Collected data
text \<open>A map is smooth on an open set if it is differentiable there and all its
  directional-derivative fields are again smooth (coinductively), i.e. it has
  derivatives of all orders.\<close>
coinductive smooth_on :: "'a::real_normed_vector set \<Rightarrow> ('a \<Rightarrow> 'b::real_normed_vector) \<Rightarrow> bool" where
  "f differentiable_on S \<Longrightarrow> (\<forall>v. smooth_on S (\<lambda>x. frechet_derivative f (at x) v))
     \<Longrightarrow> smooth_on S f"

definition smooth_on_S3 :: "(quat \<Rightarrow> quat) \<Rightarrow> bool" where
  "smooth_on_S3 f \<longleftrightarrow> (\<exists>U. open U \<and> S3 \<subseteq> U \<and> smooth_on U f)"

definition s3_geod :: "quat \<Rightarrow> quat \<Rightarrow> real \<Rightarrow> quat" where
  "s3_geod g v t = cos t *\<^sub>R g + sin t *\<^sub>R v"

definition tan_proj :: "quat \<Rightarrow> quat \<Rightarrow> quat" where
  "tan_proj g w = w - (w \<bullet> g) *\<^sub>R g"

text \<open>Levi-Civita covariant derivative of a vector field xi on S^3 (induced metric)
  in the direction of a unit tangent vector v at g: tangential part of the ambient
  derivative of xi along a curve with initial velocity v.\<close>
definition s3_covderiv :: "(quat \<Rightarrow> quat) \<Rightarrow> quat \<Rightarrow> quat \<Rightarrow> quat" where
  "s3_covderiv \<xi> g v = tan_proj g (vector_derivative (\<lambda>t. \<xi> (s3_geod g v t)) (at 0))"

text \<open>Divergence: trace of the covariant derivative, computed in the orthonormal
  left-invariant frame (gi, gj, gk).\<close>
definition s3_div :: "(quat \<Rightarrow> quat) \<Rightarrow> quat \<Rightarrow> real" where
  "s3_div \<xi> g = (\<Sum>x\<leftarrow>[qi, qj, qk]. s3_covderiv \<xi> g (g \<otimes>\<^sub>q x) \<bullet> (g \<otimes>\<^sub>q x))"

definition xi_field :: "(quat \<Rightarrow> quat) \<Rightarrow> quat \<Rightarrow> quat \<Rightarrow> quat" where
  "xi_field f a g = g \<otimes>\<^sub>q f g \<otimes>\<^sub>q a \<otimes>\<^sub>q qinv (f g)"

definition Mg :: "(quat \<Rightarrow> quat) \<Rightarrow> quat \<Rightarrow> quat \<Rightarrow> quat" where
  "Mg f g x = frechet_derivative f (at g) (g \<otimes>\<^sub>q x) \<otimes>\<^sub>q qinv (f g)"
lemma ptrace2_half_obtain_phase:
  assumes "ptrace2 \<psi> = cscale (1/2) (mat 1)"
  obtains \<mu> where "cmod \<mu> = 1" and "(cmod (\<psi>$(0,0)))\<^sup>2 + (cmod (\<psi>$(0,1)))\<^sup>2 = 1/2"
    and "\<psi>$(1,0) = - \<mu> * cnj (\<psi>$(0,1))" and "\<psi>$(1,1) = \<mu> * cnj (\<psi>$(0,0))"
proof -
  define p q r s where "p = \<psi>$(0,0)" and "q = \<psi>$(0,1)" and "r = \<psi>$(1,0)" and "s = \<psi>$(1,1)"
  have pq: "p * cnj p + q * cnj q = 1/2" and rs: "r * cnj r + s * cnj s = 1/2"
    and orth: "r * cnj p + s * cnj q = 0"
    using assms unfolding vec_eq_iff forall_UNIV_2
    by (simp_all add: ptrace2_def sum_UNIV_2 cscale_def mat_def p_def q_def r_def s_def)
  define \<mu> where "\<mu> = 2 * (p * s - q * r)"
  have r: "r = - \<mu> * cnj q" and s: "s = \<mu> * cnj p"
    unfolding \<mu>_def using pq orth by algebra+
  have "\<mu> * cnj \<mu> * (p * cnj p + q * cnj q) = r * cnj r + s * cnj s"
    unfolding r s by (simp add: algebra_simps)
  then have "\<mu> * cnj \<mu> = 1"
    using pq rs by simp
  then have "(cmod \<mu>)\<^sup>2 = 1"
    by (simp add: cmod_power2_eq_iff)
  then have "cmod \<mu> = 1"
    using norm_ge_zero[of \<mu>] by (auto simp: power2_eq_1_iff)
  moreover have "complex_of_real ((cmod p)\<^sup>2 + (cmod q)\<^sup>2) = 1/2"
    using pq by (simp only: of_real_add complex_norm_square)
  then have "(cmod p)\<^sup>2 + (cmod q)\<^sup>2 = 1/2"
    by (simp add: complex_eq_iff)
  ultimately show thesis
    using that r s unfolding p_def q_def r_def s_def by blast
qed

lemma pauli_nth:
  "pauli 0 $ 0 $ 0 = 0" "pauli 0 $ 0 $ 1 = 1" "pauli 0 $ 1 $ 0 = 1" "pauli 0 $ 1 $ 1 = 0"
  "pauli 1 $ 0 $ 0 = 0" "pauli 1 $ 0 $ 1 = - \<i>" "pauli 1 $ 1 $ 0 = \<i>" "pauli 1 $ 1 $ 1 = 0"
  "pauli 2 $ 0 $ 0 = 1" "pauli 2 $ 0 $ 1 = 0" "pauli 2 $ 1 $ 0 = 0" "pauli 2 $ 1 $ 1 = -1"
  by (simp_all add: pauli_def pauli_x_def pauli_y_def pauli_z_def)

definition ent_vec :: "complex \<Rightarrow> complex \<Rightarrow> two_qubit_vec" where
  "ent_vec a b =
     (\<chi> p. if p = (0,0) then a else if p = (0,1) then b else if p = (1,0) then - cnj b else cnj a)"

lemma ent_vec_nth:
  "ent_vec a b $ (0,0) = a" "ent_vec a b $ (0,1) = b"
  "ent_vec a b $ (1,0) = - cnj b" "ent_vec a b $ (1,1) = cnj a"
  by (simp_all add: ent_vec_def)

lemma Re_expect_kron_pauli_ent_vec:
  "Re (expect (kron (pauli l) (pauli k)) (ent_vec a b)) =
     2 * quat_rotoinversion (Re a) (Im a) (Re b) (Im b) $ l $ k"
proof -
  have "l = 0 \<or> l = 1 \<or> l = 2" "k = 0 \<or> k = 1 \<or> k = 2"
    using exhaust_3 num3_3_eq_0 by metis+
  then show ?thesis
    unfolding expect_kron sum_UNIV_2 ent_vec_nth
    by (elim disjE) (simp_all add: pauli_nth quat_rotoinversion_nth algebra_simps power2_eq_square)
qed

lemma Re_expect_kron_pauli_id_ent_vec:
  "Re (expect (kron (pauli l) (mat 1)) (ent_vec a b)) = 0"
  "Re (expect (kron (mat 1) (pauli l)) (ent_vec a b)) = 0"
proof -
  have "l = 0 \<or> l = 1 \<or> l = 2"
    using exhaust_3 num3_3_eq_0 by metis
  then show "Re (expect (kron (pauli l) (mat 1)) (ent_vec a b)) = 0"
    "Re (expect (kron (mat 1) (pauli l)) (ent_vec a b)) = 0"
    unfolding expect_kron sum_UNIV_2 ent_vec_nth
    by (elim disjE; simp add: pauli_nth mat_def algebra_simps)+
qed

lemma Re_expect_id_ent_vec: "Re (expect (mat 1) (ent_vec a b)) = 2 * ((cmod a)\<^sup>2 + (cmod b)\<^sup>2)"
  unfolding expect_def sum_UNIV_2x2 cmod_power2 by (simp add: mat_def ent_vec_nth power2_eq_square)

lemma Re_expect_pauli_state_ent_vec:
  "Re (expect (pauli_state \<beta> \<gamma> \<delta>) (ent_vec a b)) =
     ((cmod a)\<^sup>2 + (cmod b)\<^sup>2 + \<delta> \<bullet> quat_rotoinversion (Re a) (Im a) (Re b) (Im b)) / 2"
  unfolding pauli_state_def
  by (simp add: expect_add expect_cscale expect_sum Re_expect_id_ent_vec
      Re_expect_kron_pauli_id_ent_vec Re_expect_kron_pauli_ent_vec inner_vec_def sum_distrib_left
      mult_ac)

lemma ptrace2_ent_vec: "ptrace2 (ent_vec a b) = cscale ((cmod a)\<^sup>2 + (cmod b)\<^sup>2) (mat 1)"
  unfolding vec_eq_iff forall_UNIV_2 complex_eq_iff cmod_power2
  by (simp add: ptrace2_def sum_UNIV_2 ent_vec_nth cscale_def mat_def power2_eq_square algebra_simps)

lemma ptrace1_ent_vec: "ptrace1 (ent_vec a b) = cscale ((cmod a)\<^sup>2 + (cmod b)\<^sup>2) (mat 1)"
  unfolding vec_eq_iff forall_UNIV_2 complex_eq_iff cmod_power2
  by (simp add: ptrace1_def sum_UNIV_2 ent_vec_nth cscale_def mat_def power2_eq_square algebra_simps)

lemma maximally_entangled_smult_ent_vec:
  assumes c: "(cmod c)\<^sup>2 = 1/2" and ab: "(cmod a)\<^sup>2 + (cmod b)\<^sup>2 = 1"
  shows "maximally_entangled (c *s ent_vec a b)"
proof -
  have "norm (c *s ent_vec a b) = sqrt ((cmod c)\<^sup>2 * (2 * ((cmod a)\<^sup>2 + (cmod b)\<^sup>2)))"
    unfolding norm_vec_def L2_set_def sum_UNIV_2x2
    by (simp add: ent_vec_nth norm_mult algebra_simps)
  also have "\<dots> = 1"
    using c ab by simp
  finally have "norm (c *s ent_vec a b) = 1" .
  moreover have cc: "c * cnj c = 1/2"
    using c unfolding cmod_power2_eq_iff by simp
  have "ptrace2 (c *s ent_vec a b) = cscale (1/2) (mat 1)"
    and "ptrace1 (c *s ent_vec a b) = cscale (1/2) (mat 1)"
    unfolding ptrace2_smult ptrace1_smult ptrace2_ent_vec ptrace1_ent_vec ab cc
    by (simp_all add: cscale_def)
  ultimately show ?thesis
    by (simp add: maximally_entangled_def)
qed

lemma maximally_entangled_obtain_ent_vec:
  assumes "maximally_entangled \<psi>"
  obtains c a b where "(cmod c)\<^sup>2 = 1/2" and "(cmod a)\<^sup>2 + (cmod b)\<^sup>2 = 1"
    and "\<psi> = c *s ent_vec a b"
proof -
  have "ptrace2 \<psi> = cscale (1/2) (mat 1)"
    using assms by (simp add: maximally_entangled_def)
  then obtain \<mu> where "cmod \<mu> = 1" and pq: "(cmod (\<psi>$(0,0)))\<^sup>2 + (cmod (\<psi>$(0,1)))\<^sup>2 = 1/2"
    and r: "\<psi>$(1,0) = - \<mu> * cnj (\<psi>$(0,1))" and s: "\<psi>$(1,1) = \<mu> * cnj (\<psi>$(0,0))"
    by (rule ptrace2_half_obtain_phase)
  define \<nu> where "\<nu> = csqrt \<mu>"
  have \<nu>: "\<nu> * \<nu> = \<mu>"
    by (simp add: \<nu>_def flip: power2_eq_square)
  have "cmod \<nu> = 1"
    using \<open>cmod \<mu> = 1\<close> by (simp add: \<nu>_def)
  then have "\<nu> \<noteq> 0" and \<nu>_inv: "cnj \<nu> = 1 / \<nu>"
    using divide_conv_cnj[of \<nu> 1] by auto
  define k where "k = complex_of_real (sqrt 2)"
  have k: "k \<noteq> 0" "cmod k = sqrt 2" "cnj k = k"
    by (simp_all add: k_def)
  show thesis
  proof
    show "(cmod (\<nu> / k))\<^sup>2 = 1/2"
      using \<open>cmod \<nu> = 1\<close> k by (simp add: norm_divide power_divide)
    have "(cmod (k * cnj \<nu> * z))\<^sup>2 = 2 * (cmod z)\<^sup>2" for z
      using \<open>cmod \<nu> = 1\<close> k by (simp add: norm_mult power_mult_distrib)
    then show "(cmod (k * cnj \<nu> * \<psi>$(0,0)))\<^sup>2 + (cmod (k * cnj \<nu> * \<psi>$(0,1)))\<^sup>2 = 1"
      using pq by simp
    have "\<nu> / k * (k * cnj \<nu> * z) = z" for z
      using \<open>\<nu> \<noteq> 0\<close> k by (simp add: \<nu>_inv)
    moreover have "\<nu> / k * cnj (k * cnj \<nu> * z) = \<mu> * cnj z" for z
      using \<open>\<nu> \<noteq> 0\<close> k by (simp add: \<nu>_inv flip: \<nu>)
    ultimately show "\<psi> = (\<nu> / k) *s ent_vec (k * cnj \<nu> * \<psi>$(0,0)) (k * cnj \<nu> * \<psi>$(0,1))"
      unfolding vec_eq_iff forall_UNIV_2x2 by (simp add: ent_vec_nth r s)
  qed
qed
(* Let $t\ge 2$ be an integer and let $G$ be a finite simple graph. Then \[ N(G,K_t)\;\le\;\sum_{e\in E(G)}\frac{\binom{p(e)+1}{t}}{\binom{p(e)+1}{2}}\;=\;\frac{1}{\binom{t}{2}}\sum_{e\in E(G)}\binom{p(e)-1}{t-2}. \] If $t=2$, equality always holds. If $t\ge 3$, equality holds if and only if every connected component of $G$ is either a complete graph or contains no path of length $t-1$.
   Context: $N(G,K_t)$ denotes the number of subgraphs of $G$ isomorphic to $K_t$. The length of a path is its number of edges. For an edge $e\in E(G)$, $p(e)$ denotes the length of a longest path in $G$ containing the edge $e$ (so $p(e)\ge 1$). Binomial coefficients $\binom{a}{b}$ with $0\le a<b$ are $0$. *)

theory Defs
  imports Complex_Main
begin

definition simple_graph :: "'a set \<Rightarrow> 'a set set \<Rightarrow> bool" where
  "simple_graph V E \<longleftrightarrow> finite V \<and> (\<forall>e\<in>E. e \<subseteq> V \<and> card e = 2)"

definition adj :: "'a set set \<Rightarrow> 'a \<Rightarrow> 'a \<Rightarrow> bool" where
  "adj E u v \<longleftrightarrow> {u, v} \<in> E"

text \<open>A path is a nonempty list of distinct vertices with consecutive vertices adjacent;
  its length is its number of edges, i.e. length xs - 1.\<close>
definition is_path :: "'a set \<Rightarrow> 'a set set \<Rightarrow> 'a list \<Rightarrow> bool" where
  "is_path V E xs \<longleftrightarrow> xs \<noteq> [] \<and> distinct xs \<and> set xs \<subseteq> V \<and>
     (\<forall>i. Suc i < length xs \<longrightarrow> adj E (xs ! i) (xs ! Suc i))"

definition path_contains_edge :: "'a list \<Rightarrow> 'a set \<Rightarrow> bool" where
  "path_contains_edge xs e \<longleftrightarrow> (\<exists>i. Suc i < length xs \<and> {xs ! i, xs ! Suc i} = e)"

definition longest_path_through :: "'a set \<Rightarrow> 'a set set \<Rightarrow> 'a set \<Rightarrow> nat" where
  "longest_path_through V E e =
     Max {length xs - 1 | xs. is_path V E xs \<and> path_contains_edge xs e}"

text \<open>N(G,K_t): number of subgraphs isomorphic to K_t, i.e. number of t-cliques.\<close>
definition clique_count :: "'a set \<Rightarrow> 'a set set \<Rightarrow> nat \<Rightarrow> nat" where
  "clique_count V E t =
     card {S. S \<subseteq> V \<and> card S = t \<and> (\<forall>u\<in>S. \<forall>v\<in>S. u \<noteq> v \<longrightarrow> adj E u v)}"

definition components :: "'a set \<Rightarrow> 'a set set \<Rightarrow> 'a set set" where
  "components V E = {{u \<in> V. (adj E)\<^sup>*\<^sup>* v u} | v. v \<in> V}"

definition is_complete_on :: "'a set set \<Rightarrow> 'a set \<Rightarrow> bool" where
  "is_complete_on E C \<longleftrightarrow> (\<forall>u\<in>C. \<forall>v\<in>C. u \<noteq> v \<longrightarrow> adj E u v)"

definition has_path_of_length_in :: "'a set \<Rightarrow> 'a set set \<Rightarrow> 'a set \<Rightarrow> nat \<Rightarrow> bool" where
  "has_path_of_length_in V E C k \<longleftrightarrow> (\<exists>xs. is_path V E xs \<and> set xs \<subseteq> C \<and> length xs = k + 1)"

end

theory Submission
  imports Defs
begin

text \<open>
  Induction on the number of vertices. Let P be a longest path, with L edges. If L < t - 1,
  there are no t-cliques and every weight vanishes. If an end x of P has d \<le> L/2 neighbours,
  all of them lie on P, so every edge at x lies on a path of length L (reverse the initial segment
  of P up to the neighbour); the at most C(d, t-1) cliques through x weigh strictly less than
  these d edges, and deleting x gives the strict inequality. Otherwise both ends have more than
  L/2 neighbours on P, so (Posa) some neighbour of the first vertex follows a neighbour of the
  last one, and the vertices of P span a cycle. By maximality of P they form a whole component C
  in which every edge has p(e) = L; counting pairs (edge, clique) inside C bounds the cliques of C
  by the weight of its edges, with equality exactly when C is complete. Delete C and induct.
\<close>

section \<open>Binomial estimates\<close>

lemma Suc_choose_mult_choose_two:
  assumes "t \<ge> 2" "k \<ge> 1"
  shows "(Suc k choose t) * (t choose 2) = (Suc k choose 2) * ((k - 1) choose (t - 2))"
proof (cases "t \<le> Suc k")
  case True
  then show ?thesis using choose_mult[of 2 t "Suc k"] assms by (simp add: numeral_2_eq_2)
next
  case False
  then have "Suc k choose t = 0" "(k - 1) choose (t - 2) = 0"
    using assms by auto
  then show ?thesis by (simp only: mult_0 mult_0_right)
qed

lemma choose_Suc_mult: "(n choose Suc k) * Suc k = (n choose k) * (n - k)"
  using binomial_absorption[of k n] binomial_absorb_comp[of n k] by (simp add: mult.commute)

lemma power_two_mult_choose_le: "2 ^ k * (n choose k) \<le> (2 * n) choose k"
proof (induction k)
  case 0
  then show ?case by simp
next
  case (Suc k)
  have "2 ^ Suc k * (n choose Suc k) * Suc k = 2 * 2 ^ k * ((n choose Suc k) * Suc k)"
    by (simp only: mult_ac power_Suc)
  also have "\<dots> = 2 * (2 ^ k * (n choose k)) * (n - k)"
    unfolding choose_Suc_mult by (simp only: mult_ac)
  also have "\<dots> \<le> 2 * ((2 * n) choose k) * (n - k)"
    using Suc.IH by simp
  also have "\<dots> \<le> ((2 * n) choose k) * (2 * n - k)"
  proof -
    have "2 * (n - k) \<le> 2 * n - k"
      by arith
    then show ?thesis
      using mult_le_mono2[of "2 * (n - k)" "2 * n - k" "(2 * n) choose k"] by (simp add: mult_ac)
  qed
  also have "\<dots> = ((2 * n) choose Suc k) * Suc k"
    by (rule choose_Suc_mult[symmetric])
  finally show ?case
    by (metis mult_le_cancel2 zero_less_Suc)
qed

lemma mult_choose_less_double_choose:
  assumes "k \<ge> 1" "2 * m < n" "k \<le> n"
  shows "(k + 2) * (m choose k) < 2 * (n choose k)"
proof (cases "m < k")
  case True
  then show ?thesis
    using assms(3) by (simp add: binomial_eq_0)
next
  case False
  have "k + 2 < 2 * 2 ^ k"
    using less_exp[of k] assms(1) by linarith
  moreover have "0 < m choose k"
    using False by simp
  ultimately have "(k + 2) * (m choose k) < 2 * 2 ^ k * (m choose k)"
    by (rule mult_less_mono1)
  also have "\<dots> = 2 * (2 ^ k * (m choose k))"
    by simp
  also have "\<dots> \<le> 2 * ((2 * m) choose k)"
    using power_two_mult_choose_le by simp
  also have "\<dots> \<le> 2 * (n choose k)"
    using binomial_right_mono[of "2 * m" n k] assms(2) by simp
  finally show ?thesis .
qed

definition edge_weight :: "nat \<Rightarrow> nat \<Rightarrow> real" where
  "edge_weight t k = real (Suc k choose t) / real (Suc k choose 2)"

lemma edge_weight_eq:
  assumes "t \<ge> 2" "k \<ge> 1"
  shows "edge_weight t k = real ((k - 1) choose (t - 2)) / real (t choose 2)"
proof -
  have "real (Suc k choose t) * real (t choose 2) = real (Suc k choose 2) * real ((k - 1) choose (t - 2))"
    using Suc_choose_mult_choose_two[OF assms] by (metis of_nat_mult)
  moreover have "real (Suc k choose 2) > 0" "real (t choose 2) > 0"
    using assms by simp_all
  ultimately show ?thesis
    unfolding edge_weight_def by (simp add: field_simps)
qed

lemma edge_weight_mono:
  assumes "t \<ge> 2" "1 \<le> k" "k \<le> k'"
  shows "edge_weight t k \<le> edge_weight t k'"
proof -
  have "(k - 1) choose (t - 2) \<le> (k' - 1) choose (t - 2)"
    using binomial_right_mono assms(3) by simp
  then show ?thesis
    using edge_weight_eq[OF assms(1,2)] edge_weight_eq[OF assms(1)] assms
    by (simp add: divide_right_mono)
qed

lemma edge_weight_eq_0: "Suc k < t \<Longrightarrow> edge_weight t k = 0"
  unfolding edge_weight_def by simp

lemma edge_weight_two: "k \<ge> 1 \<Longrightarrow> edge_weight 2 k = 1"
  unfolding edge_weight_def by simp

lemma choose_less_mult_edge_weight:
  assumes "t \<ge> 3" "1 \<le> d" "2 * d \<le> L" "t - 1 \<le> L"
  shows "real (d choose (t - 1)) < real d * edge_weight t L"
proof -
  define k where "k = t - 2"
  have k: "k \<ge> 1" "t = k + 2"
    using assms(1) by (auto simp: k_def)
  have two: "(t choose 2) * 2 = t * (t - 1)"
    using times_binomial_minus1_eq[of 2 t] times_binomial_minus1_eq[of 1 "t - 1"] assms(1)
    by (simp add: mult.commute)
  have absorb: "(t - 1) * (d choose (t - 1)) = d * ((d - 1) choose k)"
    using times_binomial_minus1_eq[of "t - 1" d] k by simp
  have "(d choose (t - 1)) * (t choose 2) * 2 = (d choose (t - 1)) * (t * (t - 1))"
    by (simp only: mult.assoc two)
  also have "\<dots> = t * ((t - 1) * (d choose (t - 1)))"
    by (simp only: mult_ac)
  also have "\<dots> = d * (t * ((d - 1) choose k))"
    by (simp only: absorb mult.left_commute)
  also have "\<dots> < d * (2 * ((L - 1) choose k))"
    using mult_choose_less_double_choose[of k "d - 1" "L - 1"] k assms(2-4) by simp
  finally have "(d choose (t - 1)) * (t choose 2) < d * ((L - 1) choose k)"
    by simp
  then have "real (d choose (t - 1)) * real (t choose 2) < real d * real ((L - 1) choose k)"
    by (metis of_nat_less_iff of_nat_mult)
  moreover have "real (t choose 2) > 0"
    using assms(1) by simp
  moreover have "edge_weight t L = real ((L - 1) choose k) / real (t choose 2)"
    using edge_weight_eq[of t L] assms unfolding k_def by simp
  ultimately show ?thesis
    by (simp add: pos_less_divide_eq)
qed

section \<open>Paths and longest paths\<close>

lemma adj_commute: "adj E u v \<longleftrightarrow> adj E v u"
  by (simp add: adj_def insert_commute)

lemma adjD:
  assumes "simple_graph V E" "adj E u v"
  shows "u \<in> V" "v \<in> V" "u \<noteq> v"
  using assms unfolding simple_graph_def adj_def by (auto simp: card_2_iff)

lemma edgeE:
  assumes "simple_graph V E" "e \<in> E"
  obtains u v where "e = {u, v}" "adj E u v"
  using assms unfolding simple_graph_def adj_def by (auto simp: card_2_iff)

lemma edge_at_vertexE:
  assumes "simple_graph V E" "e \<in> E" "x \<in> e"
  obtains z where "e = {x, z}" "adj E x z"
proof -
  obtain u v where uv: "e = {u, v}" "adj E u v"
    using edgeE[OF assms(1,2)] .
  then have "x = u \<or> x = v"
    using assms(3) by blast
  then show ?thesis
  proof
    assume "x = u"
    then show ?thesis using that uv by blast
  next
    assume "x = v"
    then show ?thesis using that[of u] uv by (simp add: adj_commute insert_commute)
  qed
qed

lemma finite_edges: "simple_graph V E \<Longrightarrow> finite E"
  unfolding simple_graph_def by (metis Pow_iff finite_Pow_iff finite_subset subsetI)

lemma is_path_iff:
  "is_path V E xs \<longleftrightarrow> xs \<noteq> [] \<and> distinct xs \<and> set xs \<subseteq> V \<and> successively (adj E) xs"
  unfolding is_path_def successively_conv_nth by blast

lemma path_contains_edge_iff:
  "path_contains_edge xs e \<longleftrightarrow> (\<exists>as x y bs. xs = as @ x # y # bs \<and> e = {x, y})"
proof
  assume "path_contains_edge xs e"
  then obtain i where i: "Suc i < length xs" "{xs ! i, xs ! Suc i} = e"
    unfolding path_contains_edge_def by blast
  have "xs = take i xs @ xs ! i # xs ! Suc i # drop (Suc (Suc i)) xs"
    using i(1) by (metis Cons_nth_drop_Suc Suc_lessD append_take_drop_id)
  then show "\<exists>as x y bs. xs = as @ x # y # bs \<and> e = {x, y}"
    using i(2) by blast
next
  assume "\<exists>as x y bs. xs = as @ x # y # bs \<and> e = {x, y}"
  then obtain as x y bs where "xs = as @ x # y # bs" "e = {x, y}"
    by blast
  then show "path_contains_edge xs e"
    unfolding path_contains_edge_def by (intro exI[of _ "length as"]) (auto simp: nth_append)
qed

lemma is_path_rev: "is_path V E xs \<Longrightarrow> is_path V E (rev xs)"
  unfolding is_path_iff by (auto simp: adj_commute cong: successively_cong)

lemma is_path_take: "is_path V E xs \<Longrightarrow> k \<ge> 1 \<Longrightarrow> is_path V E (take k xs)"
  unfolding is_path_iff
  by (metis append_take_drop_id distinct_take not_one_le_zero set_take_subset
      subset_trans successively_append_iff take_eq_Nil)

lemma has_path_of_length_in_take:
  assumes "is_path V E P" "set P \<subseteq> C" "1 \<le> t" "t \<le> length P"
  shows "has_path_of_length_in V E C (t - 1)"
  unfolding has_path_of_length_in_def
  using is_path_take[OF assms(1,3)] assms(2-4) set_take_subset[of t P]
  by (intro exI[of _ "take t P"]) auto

- What this task involves
Determine, please, how many lines hold "section" in the records, and give that number by itself.

- Completed exercise
2